MS: I don’t think you can differentiate between the two. Say you want a mechanic to fix your car. He can’t fix your car unless he learns how every piece is supposed to be working when the car is functional, and then where things can go wrong. You can’t fix something unless you know how it’s supposed to be, and what the opportunities are when it goes wrong. The cell is a machine. It’s a very complicated machine. It has a couple of thousands of parts. But it’s finite, just like a washing machine or a car, and those parts have to be in a specific place and play a specific role. And if they’re not sitting in the right place and doing the right thing, then the machine goes wrong, and you might be able to fix it if you know enough about it. I do think some people primarily study disease states to try and understand what goes wrong. I think that it’s much more powerful to look at what happens in a native state, because when you understand what goes right, it immediately becomes clear what can go wrong. This is why I study cell biology and not cancer or another specific disease. When you understand the principles of how things work, you immediately understand how they don’t work.

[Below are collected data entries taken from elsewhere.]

(* Let $G$ be a cubic graph (multigraphs allowed) with cyclic connectivity $k$, and let $G'$ arise from $G$ by an I-extension, with $e$ the edge added in the I-extension. Then the cyclic connectivity of $G'$ is either at least $k$ or equal to the length of a shortest cycle of $G'$ containing $e$. In particular, if $k\ge 4$ and $e$ lies in neither a triangle nor a pair of parallel edges of $G'$, then the cyclic connectivity of $G'$ is at least $4$.
   Context: An I-extension of a graph consists of subdividing two edges (possibly the same edge twice, in which case a parallel edge is created) by inserting a new vertex of degree $2$ into each, and joining the two new vertices by a new edge $e$. An edge cut is cycle-separating if its removal leaves at least two components containing cycles; the cyclic connectivity of a graph is the minimum size of a cycle-separating edge cut. *)

theory Defs
  imports Main "HOL-Library.Extended_Nat"
begin

text \<open>Finite loopless multigraphs: vertex set V, edge set E and an incidence
  map inc assigning to each edge its two-element set of end vertices.
  Parallel edges are allowed (distinct edges with equal inc).\<close>

definition multigraph :: "'v set \<Rightarrow> 'e set \<Rightarrow> ('e \<Rightarrow> 'v set) \<Rightarrow> bool" where
  "multigraph V E inc \<longleftrightarrow> finite V \<and> finite E \<and>
     (\<forall>e\<in>E. inc e \<subseteq> V \<and> card (inc e) = 2)"

definition degree :: "'v set \<Rightarrow> 'e set \<Rightarrow> ('e \<Rightarrow> 'v set) \<Rightarrow> 'v \<Rightarrow> nat" where
  "degree V E inc v = card {e\<in>E. v \<in> inc e}"

definition cubic :: "'v set \<Rightarrow> 'e set \<Rightarrow> ('e \<Rightarrow> 'v set) \<Rightarrow> bool" where
  "cubic V E inc \<longleftrightarrow> multigraph V E inc \<and> (\<forall>v\<in>V. degree V E inc v = 3)"

definition is_cycle :: "'v set \<Rightarrow> 'e set \<Rightarrow> ('e \<Rightarrow> 'v set) \<Rightarrow> 'v list \<Rightarrow> 'e list \<Rightarrow> bool" where
  "is_cycle V E inc vs es \<longleftrightarrow> length vs = length es \<and> length es \<ge> 2 \<and>
     distinct vs \<and> distinct es \<and> set vs \<subseteq> V \<and> set es \<subseteq> E \<and>
     (\<forall>i < length es. inc (es ! i) = {vs ! i, vs ! ((i + 1) mod length es)})"

definition connected_in :: "'v set \<Rightarrow> 'e set \<Rightarrow> ('e \<Rightarrow> 'v set) \<Rightarrow> 'v \<Rightarrow> 'v \<Rightarrow> bool" where
  "connected_in V E inc u w \<longleftrightarrow> u \<in> V \<and> w \<in> V \<and>
     (\<lambda>a b. \<exists>e\<in>E. inc e = {a, b})\<^sup>*\<^sup>* u w"

definition edge_cut :: "'v set \<Rightarrow> 'e set \<Rightarrow> ('e \<Rightarrow> 'v set) \<Rightarrow> 'e set \<Rightarrow> bool" where
  "edge_cut V E inc S \<longleftrightarrow> (\<exists>X. X \<subseteq> V \<and> X \<noteq> {} \<and> X \<noteq> V \<and>
     S = {e\<in>E. card (inc e \<inter> X) = 1})"

definition cycle_separating :: "'v set \<Rightarrow> 'e set \<Rightarrow> ('e \<Rightarrow> 'v set) \<Rightarrow> 'e set \<Rightarrow> bool" where
  "cycle_separating V E inc S \<longleftrightarrow> edge_cut V E inc S \<and>
     (\<exists>vs1 es1 vs2 es2. is_cycle V (E - S) inc vs1 es1 \<and> is_cycle V (E - S) inc vs2 es2 \<and>
        \<not> connected_in V (E - S) inc (hd vs1) (hd vs2))"

text \<open>Cyclic connectivity: minimum size of a cycle-separating edge cut
  (\<infinity> if there is none).\<close>

definition cyclic_connectivity :: "'v set \<Rightarrow> 'e set \<Rightarrow> ('e \<Rightarrow> 'v set) \<Rightarrow> enat" where
  "cyclic_connectivity V E inc = (INF S \<in> {S. cycle_separating V E inc S}. enat (card S))"

text \<open>Length of a shortest cycle containing edge e (\<infinity> if there is none).\<close>

definition shortest_cycle_through :: "'v set \<Rightarrow> 'e set \<Rightarrow> ('e \<Rightarrow> 'v set) \<Rightarrow> 'e \<Rightarrow> enat" where
  "shortest_cycle_through V E inc e =
     (INF es \<in> {es. \<exists>vs. is_cycle V E inc vs es \<and> e \<in> set es}. enat (length es))"

definition subdivide ::
  "'v set \<Rightarrow> 'e set \<Rightarrow> ('e \<Rightarrow> 'v set) \<Rightarrow> 'e \<Rightarrow> 'v \<Rightarrow>
   'v set \<Rightarrow> 'e set \<Rightarrow> ('e \<Rightarrow> 'v set) \<Rightarrow> bool" where
  "subdivide V E inc a x V' E' inc' \<longleftrightarrow> a \<in> E \<and> x \<notin> V \<and>
     (\<exists>f1 f2 u w. inc a = {u, w} \<and> f1 \<notin> E \<and> f2 \<notin> E \<and> f1 \<noteq> f2 \<and>
        V' = insert x V \<and> E' = (E - {a}) \<union> {f1, f2} \<and>
        inc' f1 = {u, x} \<and> inc' f2 = {x, w} \<and> (\<forall>g \<in> E - {a}. inc' g = inc g))"

text \<open>I-extension: subdivide an edge by x, then subdivide an edge of the result by y
  (an edge of the original graph other than the first one, or one of the two halves
  of the first one, which amounts to subdividing the same edge twice), then join
  x and y by a new edge e.\<close>

definition I_extension ::
  "'v set \<Rightarrow> 'e set \<Rightarrow> ('e \<Rightarrow> 'v set) \<Rightarrow>
   'v set \<Rightarrow> 'e set \<Rightarrow> ('e \<Rightarrow> 'v set) \<Rightarrow> 'e \<Rightarrow> bool" where
  "I_extension V E inc V' E' inc' e \<longleftrightarrow>
     (\<exists>a x V1 E1 inc1 b y V2 E2 inc2.
        subdivide V E inc a x V1 E1 inc1 \<and> subdivide V1 E1 inc1 b y V2 E2 inc2 \<and>
        e \<notin> E2 \<and> V' = V2 \<and> E' = insert e E2 \<and> inc' e = {x, y} \<and>
        (\<forall>g\<in>E2. inc' g = inc2 g))"

end

theory Submission
  imports Defs
begin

TM: I would go a step farther. Ex officio, I should be saying we do it for disease. But I would differentiate between cells and washing machines and cars in that if nothing ever went wrong with washing machines or cars, I don’t think anyone would study them. We would just accept that they’re there and they’re fine. This would not be true for cells, or the universe. We would study them even if they didn’t go wrong. It’s bad that they go wrong, and it’s great that we can potentially fix them. But I would be happy to study mitochondria and peroxisome interactions, or mitochondria alone, just because it’s deeply fascinating – how a nerve or even a yeast cell can simply work, just that it is possible, that this exists in the universe. I agree that for disease we need to understand it, and that’s a useful side-effect of fundamental discoveries. But the simple fact that there is a physical chemical mechanism that can create something like a cell, which manages to survive and does so in such a sophisticated way – it’s just marvelous that that can even work.